Площадь отсчета - Мария Правда
Шрифт:
Интервал:
Закладка:
КОНДРАТИЙ ФЕДОРОВИЧ РЫЛЕЕВ, АПРЕЛЯ 12, 1826 ГОДА
Кондратий Федорович с нетерпением ждал Пасхи. Праздник для него был важнейшей нравственной вехою, до коей следовало дожить, а далее погибнуть без сожалений. В том, что необходимо нужно погибнуть, он не сомневался более. Ежели сначала он был готов чистосердечно принять милость царскую, которая была вполне возможна для них, то теперь он понял, что помилование его уничтожит.
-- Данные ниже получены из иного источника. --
lemma bigrassmannian_imp_block_swap:
  assumes p: "p permutes {1..m}" and "bigrassmannian m p"
  obtains a b c where "a + b + c \<le> m" "p = block_swap a b c"
proof (cases "p = id")
  case True
  then show ?thesis
    using that[of 0 0 0] by (simp add: block_swap_def fun_eq_iff)
next
  case False
  then have "inv p \<noteq> id"
    using permutes_inverses(1)[OF p] by (metis eq_id_iff)
  obtain r where r: "descents m p = {r}"
    using grassmannian_permutes_cases[OF p] False assms(2) unfolding bigrassmannian_def by metis
  obtain s where s: "descents m (inv p) = {s}"
    using grassmannian_permutes_cases[OF permutes_inv[OF p]] \<open>inv p \<noteq> id\<close> assms(2)
    unfolding bigrassmannian_def by metis
  have "r \<in> descents m p" "s \<in> descents m (inv p)"
    using r s by simp_all
  then have "r < m" "1 \<le> s" "s < m"
    by (simp_all add: descents_def)
  have A_eq: "p ` {1..r} = {v \<in> {1..m}. inv p v \<le> r}"
    by (rule image_prefix_eq_inv_sublevel_set[OF p]) (use \<open>r < m\<close> in simp)
  obtain e1 e2 where e: "1 \<le> e1" "e1 \<le> Suc s" "Suc s \<le> e2" "e2 \<le> Suc m"
    and sublevel: "{v \<in> {1..m}. inv p v \<le> r} = {1..<e1} \<union> {Suc s..<e2}"
    by (rule sublevel_set_single_descent[OF permutes_inv[OF p] s])
  have A_intervals: "p ` {1..r} = {1..<e1} \<union> {Suc s..<e2}"
    using sublevel unfolding A_eq .
  have "s \<notin> p ` {1..r}" "Suc s \<in> p ` {1..r}"
    using inv_descent_straddles_descent[OF p r s] \<open>1 \<le> s\<close> \<open>s < m\<close> unfolding A_eq by auto
  then have "e1 \<le> s" "Suc (Suc s) \<le> e2"
    using \<open>1 \<le> s\<close> e unfolding A_intervals by auto
  define a where "a = e1 - 1"
  define b where "b = e2 - Suc s"
  define c where "c = s - a"
  have A_blocks: "p ` {1..r} = {1..a} \<union> {a + c + 1..a + b + c}"
    using \<open>e1 \<le> s\<close> \<open>Suc (Suc s) \<le> e2\<close> e unfolding A_intervals a_def b_def c_def by auto
  have "card (p ` {1..r}) = r"
    using inj_on_subset[OF permutes_inj[OF p]] by (simp add: card_image)
  moreover have "card ({1..a} \<union> {a + c + 1..a + b + c}) = a + b"
    using \<open>e1 \<le> s\<close> by (subst card_Un_disjoint) (auto simp: a_def c_def)
  ultimately have "r = a + b"
    using A_blocks by simp
  moreover have "a + b + c \<le> m"
    using \<open>e1 \<le> s\<close> \<open>Suc (Suc s) \<le> e2\<close> e by (simp add: a_def b_def c_def)
  ultimately have "p = block_swap a b c"
    using grassmannian_eq_block_swap[OF p, of a b c] r A_blocks by simp
  with \<open>a + b + c \<le> m\<close> show ?thesis
    by (rule that)
qed

lemma contains_id_iff_increasing_subset:
  "contains_id m k p \<longleftrightarrow> (\<exists>S \<subseteq> {1..m}. card S = k \<and> strict_mono_on S p)"
proof
  assume "contains_id m k p"
  then obtain f where f: "f ` {..<k} \<subseteq> {1..m}" "strict_mono_on {..<k} f"
    "strict_mono_on {..<k} (p \<circ> f)"
    unfolding contains_id_def by blast
  have "card (f ` {..<k}) = k"
    using card_image[OF strict_mono_on_imp_inj_on[OF f(2)]] by simp
  moreover have "strict_mono_on (f ` {..<k}) p"
  proof (rule strict_mono_onI)
    fix x y assume "x \<in> f ` {..<k}" "y \<in> f ` {..<k}" "x < y"
    then obtain i j where ij: "i < k" "j < k" "x = f i" "y = f j" "f i < f j"
      by blast
    then have "i < j"
      using strict_mono_on_leD[OF f(2), of j i] by (cases "i < j") auto
    then show "p x < p y"
      using strict_mono_onD[OF f(3), of i j] ij by simp
  qed
  ultimately show "\<exists>S \<subseteq> {1..m}. card S = k \<and> strict_mono_on S p"
    using f(1) by blast
next
  assume "\<exists>S \<subseteq> {1..m}. card S = k \<and> strict_mono_on S p"
  then obtain S where S: "S \<subseteq> {1..m}" "card S = k" "strict_mono_on S p"
    by blast
  then have "finite S"
    using finite_subset by blast
  define f where "f i = sorted_list_of_set S ! i" for i
  have f_in: "f i \<in> S" if "i < k" for i
    using that \<open>finite S\<close> S(2) nth_mem[of i "sorted_list_of_set S"] by (simp add: f_def)
  have f_mono: "strict_mono_on {..<k} f"
    using \<open>finite S\<close> S(2)
    by (auto intro!: strict_mono_onI sorted_wrt_nth_less[OF strict_sorted_list_of_set] simp: f_def)
  moreover have "strict_mono_on {..<k} (p \<circ> f)"
    using f_in strict_mono_onD[OF S(3)] strict_mono_onD[OF f_mono] by (auto intro!: strict_mono_onI)
  moreover have "f ` {..<k} \<subseteq> {1..m}"
    using f_in S(1) by auto
  ultimately show "contains_id m k p"
    unfolding contains_id_def by blast
qed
Ведь ежели выпустят его, Кондратия Рылеева, лицо много более других ответственное за мятеж, какова в дальнейшем будет роль его в обществе? Славословить до конца дней своих великодушного царя? Презреть все идеи, все убеждения свои политические? Играть роль пленника, которому оставили жизнь в обмен на службу победителю? Позорно! А все эти юноши, которых он завлек авторитетом своим, стихами и красноречием, — как смотреть им в глаза?
О нет! Стократ лучше будет для него взойти на эшафот с незапятнанной честью!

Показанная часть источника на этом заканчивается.